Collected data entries
lemma connected_zero_set_limit_point:
  fixes h :: "'a::metric_space \<Rightarrow> real"
  assumes hc: "continuous_on U h" and U: "open U" and cU: "connected U"
    and nn: "\<forall>x\<in>U. 0 \<le> h x" and x0: "x0 \<in> U" "h x0 = 0" and p: "p \<in> U" "0 < h p"
  obtains z where "z \<in> U" "h z = 0" "\<And>r. r > 0 \<Longrightarrow> \<exists>x\<in>U. dist z x < r \<and> 0 < h x"
proof -
  define Z where "Z = {x\<in>U. h x = 0}"
  have "\<exists>z\<in>Z. \<forall>r>0. \<exists>x\<in>U. dist z x < r \<and> 0 < h x"
  proof (rule ccontr)
    assume "\<not> ?thesis"
    then have loc: "\<forall>z\<in>Z. \<exists>r>0. \<forall>x\<in>U. dist z x < r \<longrightarrow> h x \<le> 0"
      by (metis not_less)
    have "open Z"
      unfolding open_contains_ball
    proof
      fix z assume z: "z \<in> Z"
      then obtain r where r: "r > 0" "\<forall>x\<in>U. dist z x < r \<longrightarrow> h x \<le> 0" using loc by blast
      have "z \<in> U" using z by (simp add: Z_def)
      then obtain e where e: "e > 0" "ball z e \<subseteq> U" using U open_contains_ball by blast
      have "ball z (min r e) \<subseteq> Z" using r e nn by (force simp: Z_def)
      then show "\<exists>e>0. ball z e \<subseteq> Z" using r e by (intro exI[of _ "min r e"]) auto
    qed
    moreover have "open (U \<inter> h -` {0<..})" by (rule continuous_open_preimage[OF hc U]) simp
    moreover have "U \<subseteq> Z \<union> (U \<inter> h -` {0<..})" using nn by (force simp: Z_def)
    moreover have "Z \<inter> (U \<inter> h -` {0<..}) \<inter> U = {}" by (auto simp: Z_def)
    ultimately have "Z \<inter> U = {} \<or> (U \<inter> h -` {0<..}) \<inter> U = {}"
      using connectedD[OF cU] by blast
    then show False using x0 p by (auto simp: Z_def)
  qed
  then show ?thesis using that by (auto simp: Z_def)
qed

lemma ball_touching_zero_set:
  fixes h :: "'a::euclidean_space \<Rightarrow> real"
  assumes hc: "continuous_on U h" and U: "open U" and nn: "\<forall>x\<in>U. 0 \<le> h x"
    and z0: "z0 \<in> U" "h z0 = 0" and near: "\<And>r. r > 0 \<Longrightarrow> \<exists>x\<in>U. dist z0 x < r \<and> 0 < h x"
  obtains y d z where "d > 0" "cball y d \<subseteq> U" "\<forall>x\<in>ball y d. 0 < h x" "z \<in> sphere y d" "h z = 0"
proof -
  obtain e where e: "e > 0" "ball z0 e \<subseteq> U" using U z0 open_contains_ball by blast
  obtain y where y: "y \<in> U" "dist z0 y < e / 3" "0 < h y" using near e by (meson zero_less_divide_iff zero_less_numeral)
  define \<rho> where "\<rho> = dist y z0"
  have cb\<rho>: "cball y \<rho> \<subseteq> U"
  proof
    fix x assume "x \<in> cball y \<rho>"
    then have "dist y x \<le> dist z0 y" by (simp add: \<rho>_def dist_commute)
    then have "dist z0 x < e" using y(2) e(1) dist_triangle[of z0 x y] by linarith
    then show "x \<in> U" using e by auto
  qed
  define K where "K = {x \<in> cball y \<rho>. h x = 0}"
  have "closed K" unfolding K_def
    by (rule continuous_closed_preimage_constant[OF continuous_on_subset[OF hc cb\<rho>] closed_cball])
  moreover have "z0 \<in> K" using z0 by (simp add: K_def \<rho>_def dist_commute)
  ultimately obtain z where zK: "z \<in> K" and zmin: "\<And>x. x \<in> K \<Longrightarrow> dist y z \<le> dist y x"
    using distance_attains_inf by blast
  define d where "d = dist y z"
  have "d \<le> \<rho>" using zmin[OF \<open>z0 \<in> K\<close>] by (simp add: d_def \<rho>_def dist_commute)
  have "0 < h x" if x: "x \<in> ball y d" for x
  proof (rule ccontr)
    assume "\<not> 0 < h x"
    moreover have "x \<in> cball y \<rho>" using x \<open>d \<le> \<rho>\<close> by simp
    ultimately have "x \<in> K" using nn cb\<rho> by (force simp: K_def)
    then show False using zmin x by (fastforce simp: d_def)
  qed
  moreover have "d > 0" using zK y by (auto simp: K_def d_def)
  moreover have "cball y d \<subseteq> U" using \<open>d \<le> \<rho>\<close> cb\<rho> by auto
  ultimately show ?thesis using that[of d y z] zK by (auto simp: K_def d_def)
qed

[Work item]
Provide a faithful, complete copy of the entries above.

[Completed task]
lemma connected_zero_set_limit_point:
  fixes h :: "'a::metric_space \<Rightarrow> real"
  assumes hc: "continuous_on U h" and U: "open U" and cU: "connected U"
    and nn: "\<forall>x\<in>U. 0 \<le> h x" and x0: "x0 \<in> U" "h x0 = 0" and p: "p \<in> U" "0 < h p"
  obtains z where "z \<in> U" "h z = 0" "\<And>r. r > 0 \<Longrightarrow> \<exists>x\<in>U. dist z x < r \<and> 0 < h x"
proof -
  define Z where "Z = {x\<in>U. h x = 0}"
  have "\<exists>z\<in>Z. \<forall>r>0. \<exists>x\<in>U. dist z x < r \<and> 0 < h x"
  proof (rule ccontr)
    assume "\<not> ?thesis"
    then have loc: "\<forall>z\<in>Z. \<exists>r>0. \<forall>x\<in>U. dist z x < r \<longrightarrow> h x \<le> 0"
      by (metis not_less)
    have "open Z"
      unfolding open_contains_ball
    proof
      fix z assume z: "z \<in> Z"
      then obtain r where r: "r > 0" "\<forall>x\<in>U. dist z x < r \<longrightarrow> h x \<le> 0" using loc by blast
      have "z \<in> U" using z by (simp add: Z_def)
      then obtain e where e: "e > 0" "ball z e \<subseteq> U" using U open_contains_ball by blast
      have "ball z (min r e) \<subseteq> Z" using r e nn by (force simp: Z_def)
      then show "\<exists>e>0. ball z e \<subseteq> Z" using r e by (intro exI[of _ "min r e"]) auto
    qed
    moreover have "open (U \<inter> h -` {0<..})" by (rule continuous_open_preimage[OF hc U]) simp
    moreover have "U \<subseteq> Z \<union> (U \<inter> h -` {0<..})" using nn by (force simp: Z_def)
    moreover have "Z \<inter> (U \<inter> h -` {0<..}) \<inter> U = {}" by (auto simp: Z_def)
    ultimately have "Z \<inter> U = {} \<or> (U \<inter> h -` {0<..}) \<inter> U = {}"
      using connectedD[OF cU] by blast
    then show False using x0 p by (auto simp: Z_def)
  qed
  then show ?thesis using that by (auto simp: Z_def)
qed

lemma ball_touching_zero_set:
  fixes h :: "'a::euclidean_space \<Rightarrow> real"
  assumes hc: "continuous_on U h" and U: "open U" and nn: "\<forall>x\<in>U. 0 \<le> h x"
    and z0: "z0 \<in> U" "h z0 = 0" and near: "\<And>r. r > 0 \<Longrightarrow> \<exists>x\<in>U. dist z0 x < r \<and> 0 < h x"
  obtains y d z where "d > 0" "cball y d \<subseteq> U" "\<forall>x\<in>ball y d. 0 < h x" "z \<in> sphere y d" "h z = 0"
proof -
  obtain e where e: "e > 0" "ball z0 e \<subseteq> U" using U z0 open_contains_ball by blast
  obtain y where y: "y \<in> U" "dist z0 y < e / 3" "0 < h y" using near e by (meson zero_less_divide_iff zero_less_numeral)
  define \<rho> where "\<rho> = dist y z0"
  have cb\<rho>: "cball y \<rho> \<subseteq> U"
  proof
    fix x assume "x \<in> cball y \<rho>"
    then have "dist y x \<le> dist z0 y" by (simp add: \<rho>_def dist_commute)
    then have "dist z0 x < e" using y(2) e(1) dist_triangle[of z0 x y] by linarith
    then show "x \<in> U" using e by auto
  qed
  define K where "K = {x \<in> cball y \<rho>. h x = 0}"
  have "closed K" unfolding K_def
    by (rule continuous_closed_preimage_constant[OF continuous_on_subset[OF hc cb\<rho>] closed_cball])
  moreover have "z0 \<in> K" using z0 by (simp add: K_def \<rho>_def dist_commute)
  ultimately obtain z where zK: "z \<in> K" and zmin: "\<And>x. x \<in> K \<Longrightarrow> dist y z \<le> dist y x"
    using distance_attains_inf by blast
  define d where "d = dist y z"
  have "d \<le> \<rho>" using zmin[OF \<open>z0 \<in> K\<close>] by (simp add: d_def \<rho>_def dist_commute)
  have "0 < h x" if x: "x \<in> ball y d" for x
  proof (rule ccontr)
    assume "\<not> 0 < h x"
    moreover have "x \<in> cball y \<rho>" using x \<open>d \<le> \<rho>\<close> by simp
    ultimately have "x \<in> K" using nn cb\<rho> by (force simp: K_def)
    then show False using zmin x by (fastforce simp: d_def)
  qed
  moreover have "d > 0" using zK y by (auto simp: K_def d_def)
  moreover have "cball y d \<subseteq> U" using \<open>d \<le> \<rho>\<close> cb\<rho> by auto
  ultimately show ?thesis using that[of d y z] zK by (auto simp: K_def d_def)
qed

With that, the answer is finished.